- **Dataset entries**

(* Let $G$ be a graph that is $2$-cell embedded in a closed orientable surface $S$ of genus $g$, and let $\mathcal C$ be a peripheral family of cycles of $G$. If none of the cycles in $\mathcal C$ is facial in this embedding, then $|\mathcal C|\le g$.
   Context: Graphs are finite, simple and connected. A cycle $C$ of $G$ is peripheral if it is an induced cycle (has no chords in $G$) and is non-separating, i.e. $G-V(C)$ is connected. A family $\mathcal C$ of cycles of $G$ is a peripheral family if every cycle in it is peripheral, any two cycles in $\mathcal C$ are vertex-disjoint and nonadjacent (no edge of $G$ joins them), and $G-\bigcup\{V(C): C\in\mathcal C\}$ is connected. A cycle is facial in an embedding if it bounds a face of the embedding. *)

theory Defs
  imports Main
begin

definition connected_set :: "('v \<Rightarrow> 'v \<Rightarrow> bool) \<Rightarrow> 'v set \<Rightarrow> bool" where
  "connected_set E W \<longleftrightarrow>
     (\<forall>u\<in>W. \<forall>v\<in>W. (\<lambda>x y. E x y \<and> x \<in> W \<and> y \<in> W)\<^sup>*\<^sup>* u v)"

definition simple_graph :: "'v set \<Rightarrow> ('v \<Rightarrow> 'v \<Rightarrow> bool) \<Rightarrow> bool" where
  "simple_graph V E \<longleftrightarrow> finite V \<and> V \<noteq> {} \<and>
     (\<forall>u v. E u v \<longrightarrow> u \<in> V \<and> v \<in> V \<and> u \<noteq> v \<and> E v u)"

definition connected_graph :: "'v set \<Rightarrow> ('v \<Rightarrow> 'v \<Rightarrow> bool) \<Rightarrow> bool" where
  "connected_graph V E \<longleftrightarrow> simple_graph V E \<and> connected_set E V"

definition edges :: "('v \<Rightarrow> 'v \<Rightarrow> bool) \<Rightarrow> 'v set set" where
  "edges E = {{u, v} | u v. E u v}"

text \<open>An orientable
  2-cell embedding is described (Heffter--Edmonds--Ringel) by a rotation system:
  a permutation of the darts that at each vertex cyclically permutes the darts
  leaving that vertex.\<close>

definition darts :: "('v \<Rightarrow> 'v \<Rightarrow> bool) \<Rightarrow> ('v \<times> 'v) set" where
  "darts E = {(u, v). E u v}"

definition rev_dart :: "'v \<times> 'v \<Rightarrow> 'v \<times> 'v" where
  "rev_dart d = (snd d, fst d)"

definition rotation_system ::
  "'v set \<Rightarrow> ('v \<Rightarrow> 'v \<Rightarrow> bool) \<Rightarrow> ('v \<times> 'v \<Rightarrow> 'v \<times> 'v) \<Rightarrow> bool" where
  "rotation_system V E \<rho> \<longleftrightarrow>
     bij_betw \<rho> (darts E) (darts E) \<and>
     (\<forall>d\<in>darts E. fst (\<rho> d) = fst d) \<and>
     (\<forall>d\<in>darts E. \<forall>d'\<in>darts E. fst d = fst d' \<longrightarrow> (\<exists>n. (\<rho> ^^ n) d = d'))"

definition orbit :: "('a \<Rightarrow> 'a) \<Rightarrow> 'a \<Rightarrow> 'a set" where
  "orbit f x = {(f ^^ n) x | n. True}"

definition face_perm :: "('v \<times> 'v \<Rightarrow> 'v \<times> 'v) \<Rightarrow> 'v \<times> 'v \<Rightarrow> 'v \<times> 'v" where
  "face_perm \<rho> = \<rho> \<circ> rev_dart"

definition faces :: "('v \<Rightarrow> 'v \<Rightarrow> bool) \<Rightarrow> ('v \<times> 'v \<Rightarrow> 'v \<times> 'v) \<Rightarrow> ('v \<times> 'v) set set" where
  "faces E \<rho> = orbit (face_perm \<rho>) ` darts E"

text \<open>Number of faces; an edgeless (one-vertex) graph has a single face.\<close>

definition num_faces :: "('v \<Rightarrow> 'v \<Rightarrow> bool) \<Rightarrow> ('v \<times> 'v \<Rightarrow> 'v \<times> 'v) \<Rightarrow> nat" where
  "num_faces E \<rho> = (if darts E = {} then 1 else card (faces E \<rho>))"

text \<open>G (given by V, E) is 2-cell embedded in the closed orientable surface of
  genus g via rotation system \<rho>: Euler's formula V - E + F = 2 - 2g.\<close>

definition orientable_embedding ::
  "'v set \<Rightarrow> ('v \<Rightarrow> 'v \<Rightarrow> bool) \<Rightarrow> ('v \<times> 'v \<Rightarrow> 'v \<times> 'v) \<Rightarrow> nat \<Rightarrow> bool" where
  "orientable_embedding V E \<rho> g \<longleftrightarrow>
     connected_graph V E \<and> rotation_system V E \<rho> \<and>
     int (card V) - int (card (edges E)) + int (num_faces E \<rho>) = 2 - 2 * int g"

definition cyc_darts :: "'v list \<Rightarrow> ('v \<times> 'v) set" where
  "cyc_darts xs = {(xs ! i, xs ! ((i + 1) mod length xs)) | i. i < length xs}"

definition is_cycle :: "'v set \<Rightarrow> ('v \<Rightarrow> 'v \<Rightarrow> bool) \<Rightarrow> 'v list \<Rightarrow> bool" where
  "is_cycle V E xs \<longleftrightarrow> length xs \<ge> 3 \<and> distinct xs \<and> set xs \<subseteq> V \<and>
     (\<forall>i < length xs. E (xs ! i) (xs ! ((i + 1) mod length xs)))"

definition induced_cycle :: "'v set \<Rightarrow> ('v \<Rightarrow> 'v \<Rightarrow> bool) \<Rightarrow> 'v list \<Rightarrow> bool" where
  "induced_cycle V E xs \<longleftrightarrow> is_cycle V E xs \<and>
     (\<forall>u\<in>set xs. \<forall>v\<in>set xs. E u v \<longrightarrow> (u, v) \<in> cyc_darts xs \<or> (v, u) \<in> cyc_darts xs)"

definition peripheral_cycle :: "'v set \<Rightarrow> ('v \<Rightarrow> 'v \<Rightarrow> bool) \<Rightarrow> 'v list \<Rightarrow> bool" where
  "peripheral_cycle V E xs \<longleftrightarrow> induced_cycle V E xs \<and> connected_set E (V - set xs)"

definition peripheral_family :: "'v set \<Rightarrow> ('v \<Rightarrow> 'v \<Rightarrow> bool) \<Rightarrow> 'v list set \<Rightarrow> bool" where
  "peripheral_family V E \<C> \<longleftrightarrow>
     (\<forall>C\<in>\<C>. peripheral_cycle V E C) \<and>
     (\<forall>C\<in>\<C>. \<forall>C'\<in>\<C>. C \<noteq> C' \<longrightarrow>
        set C \<inter> set C' = {} \<and> (\<forall>u\<in>set C. \<forall>v\<in>set C'. \<not> E u v)) \<and>
     connected_set E (V - (\<Union>C\<in>\<C>. set C))"

definition facial :: "('v \<Rightarrow> 'v \<Rightarrow> bool) \<Rightarrow> ('v \<times> 'v \<Rightarrow> 'v \<times> 'v) \<Rightarrow> 'v list \<Rightarrow> bool" where
  "facial E \<rho> xs \<longleftrightarrow> cyc_darts xs \<in> faces E \<rho> \<or> cyc_darts (rev xs) \<in> faces E \<rho>"

end

theory Submission
  imports Defs "HOL-Combinatorics.Transposition"
begin

text \<open>The embedding is the hypermap given by the rotation \<open>\<rho>\<close> and the dart reversal, its faces
  being the orbits of \<open>\<rho> \<circ> rev_dart\<close>. Cut the surface open along the \<open>k\<close> cycles of the family:
  every cycle vertex and every cycle edge is doubled, and the two sides of each cycle become
  new faces. Because the cycles are peripheral and non-facial, the cut hypermap is still
  connected, so Euler's inequality \<open>V - E + F \<le> 2\<close> for connected hypermaps applies to it. With
  \<open>c\<close> cycle vertices (and as many cycle edges) this reads
  \<open>(|V| + c) - (|E| + c) + (F + 2 k) \<le> 2\<close>, and \<open>|V| - |E| + F = 2 - 2 g\<close> gives \<open>k \<le> g\<close>.\<close>

section \<open>Orbits of permutations of finite sets\<close>

definition finite_perm :: "('a \<Rightarrow> 'a) \<Rightarrow> 'a set \<Rightarrow> bool" where
  "finite_perm f D \<longleftrightarrow> finite D \<and> f ` D \<subseteq> D \<and> inj_on f D"

definition orbits :: "('a \<Rightarrow> 'a) \<Rightarrow> 'a set \<Rightarrow> 'a set set" where
  "orbits f D = orbit f ` D"

lemma funpow_mem: "f ` D \<subseteq> D \<Longrightarrow> x \<in> D \<Longrightarrow> (f ^^ n) x \<in> D"
  by (induction n) auto

lemma orbit_iff: "y \<in> orbit f x \<longleftrightarrow> (\<exists>n. y = (f ^^ n) x)"
  unfolding orbit_def by auto

lemma self_in_orbit: "x \<in> orbit f x"
  unfolding orbit_iff by (metis funpow_0)

lemma orbit_step: "y \<in> orbit f x \<Longrightarrow> f y \<in> orbit f x"
  unfolding orbit_iff by (metis funpow.simps(2) comp_apply)

lemma apply_in_orbit: "f x \<in> orbit f x"
  by (rule orbit_step[OF self_in_orbit])

lemma orbit_subset:
  assumes "x \<in> S" "\<And>y. y \<in> S \<Longrightarrow> f y \<in> S"
  shows "orbit f x \<subseteq> S"
  using funpow_mem[of f S x] assms by (auto simp: orbit_iff image_subset_iff)

lemma orbit_subset_orbit: "y \<in> orbit f x \<Longrightarrow> orbit f y \<subseteq> orbit f x"
  by (rule orbit_subset) (auto intro: orbit_step)

lemma orbit_fixpoint: "f z = z \<Longrightarrow> orbit f z = {z}"
  using orbit_subset[of z "{z}" f] self_in_orbit[of z f] by auto

lemma orbit_involution: "f (f z) = z \<Longrightarrow> orbit f z = {z, f z}"
  using orbit_subset[of z "{z, f z}" f] self_in_orbit[of z f] apply_in_orbit[of f z] by auto

lemma orbit_cong:
  assumes "x \<in> S" "\<And>y. y \<in> S \<Longrightarrow> f y = g y" "\<And>y. y \<in> S \<Longrightarrow> f y \<in> S"
  shows "orbit f x = orbit g x"
proof -
  have "(f ^^ n) x = (g ^^ n) x \<and> (f ^^ n) x \<in> S" for n
    by (induction n) (use assms in auto)
  then show ?thesis unfolding orbit_def by metis
qed

lemma finite_perm_comp: "finite_perm \<alpha> D \<Longrightarrow> finite_perm \<beta> D \<Longrightarrow> finite_perm (\<alpha> \<circ> \<beta>) D"
  unfolding finite_perm_def by (auto simp: image_comp[symmetric] intro: comp_inj_on inj_on_subset)

lemma finite_perm_comp_transpose:
  assumes "finite_perm \<pi> D" "x \<in> D" "y \<in> D"
  shows "finite_perm (\<pi> \<circ> transpose x y) D"
proof -
  have "finite_perm (transpose x y) D"
    using assms by (auto simp: finite_perm_def transpose_def)
  then show ?thesis using assms(1) finite_perm_comp by blast
qed

text \<open>A finite permutation maps each of its orbits onto itself, so \<open>f x\<close> has a preimage in
  \<open>orbit f (f x)\<close>, which by injectivity is \<open>x\<close>.\<close>

lemma self_in_orbit_apply:
  assumes "finite_perm f D" "x \<in> D"
  shows "x \<in> orbit f (f x)"
proof -
  let ?O = "orbit f (f x)"
  have sub: "f ` D \<subseteq> D" and inj: "inj_on f D" using assms(1) by (auto simp: finite_perm_def)
  have OD: "?O \<subseteq> D" by (rule orbit_subset) (use assms(2) sub in auto)
  have "f ` ?O = ?O"
    by (rule endo_inj_surj)
      (use OD assms(1) in \<open>auto simp: finite_perm_def intro: finite_subset orbit_step inj_on_subset\<close>)
  then obtain y where "y \<in> ?O" "f y = f x" using self_in_orbit[of "f x" f] by (metis imageE)
  then show ?thesis using inj OD assms(2) by (metis inj_onD subsetD)
qed

lemma orbit_sym:
  assumes "finite_perm f D" "x \<in> D" "y \<in> orbit f x"
  shows "x \<in> orbit f y"
proof -
  have sub: "f ` D \<subseteq> D" using assms(1) by (auto simp: finite_perm_def)
  have "x \<in> orbit f ((f ^^ n) x)" for n
  proof (induction n)
    case 0 then show ?case by (simp add: self_in_orbit)
  next
    case (Suc n)
    have "(f ^^ n) x \<in> orbit f ((f ^^ Suc n) x)"
      using self_in_orbit_apply[OF assms(1) funpow_mem[OF sub assms(2)]] by simp
    then show ?case using Suc.IH orbit_subset_orbit by (metis subsetD)
  qed
  moreover obtain n where "y = (f ^^ n) x" using assms(3) by (auto simp: orbit_iff)
  ultimately show ?thesis by simp
qed

lemma orbit_eq:
  assumes "finite_perm f D" "x \<in> D" "y \<in> orbit f x"
  shows "orbit f y = orbit f x"
  using orbit_subset_orbit[OF assms(3)] orbit_subset_orbit[OF orbit_sym[OF assms]] by blast

lemma orbit_eq_iff:
  assumes "finite_perm f D" "x \<in> D" "y \<in> D"
  shows "y \<in> orbit f x \<longleftrightarrow> orbit f y = orbit f x"
  using orbit_eq[OF assms(1,2), of y] self_in_orbit[of y f] by auto

lemma orbit_eq_if_meet:
  assumes "finite_perm f D" "x \<in> D" "y \<in> D" "z \<in> orbit f x" "z \<in> orbit f y"
  shows "orbit f x = orbit f y"
  using orbit_eq[OF assms(1,2,4)] orbit_eq[OF assms(1,3,5)] by simp

lemma orbit_reach:
  assumes "s \<in> W" "a \<in> orbit f s"
    and "\<And>w. w \<in> W \<Longrightarrow> w \<in> orbit f s \<Longrightarrow> w \<noteq> a \<Longrightarrow> f w \<in> W"
  shows "a \<in> W"
proof -
  have reach: "(\<forall>j<m. (f ^^ j) s \<noteq> a) \<longrightarrow> (f ^^ m) s \<in> W" for m
  proof (induction m)
    case (Suc m)
    have "(f ^^ m) s \<in> orbit f s" unfolding orbit_iff by blast
    then show ?case using Suc assms(3) by auto
  qed (use assms(1) in simp)
  obtain n where "a = (f ^^ n) s" using assms(2) by (auto simp: orbit_iff)
  then have "(f ^^ (LEAST m. (f ^^ m) s = a)) s = a" by (metis (mono_tags) LeastI)
  moreover have "\<forall>j<(LEAST m. (f ^^ m) s = a). (f ^^ j) s \<noteq> a" using not_less_Least by blast
  ultimately show ?thesis using reach by metis
qed

lemma card_image_le_factor:
  assumes "finite D" "\<And>z z'. z \<in> D \<Longrightarrow> z' \<in> D \<Longrightarrow> f z = f z' \<Longrightarrow> g z = g z'"
  shows "card (g ` D) \<le> card (f ` D)"
proof -
  define h where "h v = g (SOME z. z \<in> D \<and> f z = v)" for v
  have "g z = h (f z)" if "z \<in> D" for z
  proof -
    have "(SOME z'. z' \<in> D \<and> f z' = f z) \<in> D \<and> f (SOME z'. z' \<in> D \<and> f z' = f z) = f z"
      by (rule someI_ex) (use that in blast)
    then show ?thesis unfolding h_def using assms(2) that by metis
  qed
  then have "g ` D = h ` f ` D" unfolding image_image by (rule image_cong[OF refl])
  then show ?thesis using card_image_le assms(1) by (metis finite_imageI)
qed

lemma card_image_le_card_orbits:
  assumes "finite_perm f S" and "\<And>w. w \<in> S \<Longrightarrow> g (f w) = g w"
  shows "card (g ` S) \<le> card (orbits f S)"
  unfolding orbits_def
proof (rule card_image_le_factor)
  show "finite S" using assms(1) by (simp add: finite_perm_def)
  have sub: "f ` S \<subseteq> S" using assms(1) by (simp add: finite_perm_def)
  have inv: "g ((f ^^ n) z) = g z" if "z \<in> S" for z n
    using that by (induction n) (use assms(2) funpow_mem[OF sub] in auto)
  fix z z' assume "z \<in> S" "z' \<in> S" "orbit f z = orbit f z'"
  then have "z' \<in> orbit f z" using self_in_orbit[of z' f] by simp
  then obtain n where "z' = (f ^^ n) z" by (auto simp: orbit_iff)
  then show "g z = g z'" using inv \<open>z \<in> S\<close> by simp
qed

- **Work to complete**
For the string "forall", give the number of lines in the data that contain it, and only that number.

- **Written reply**
11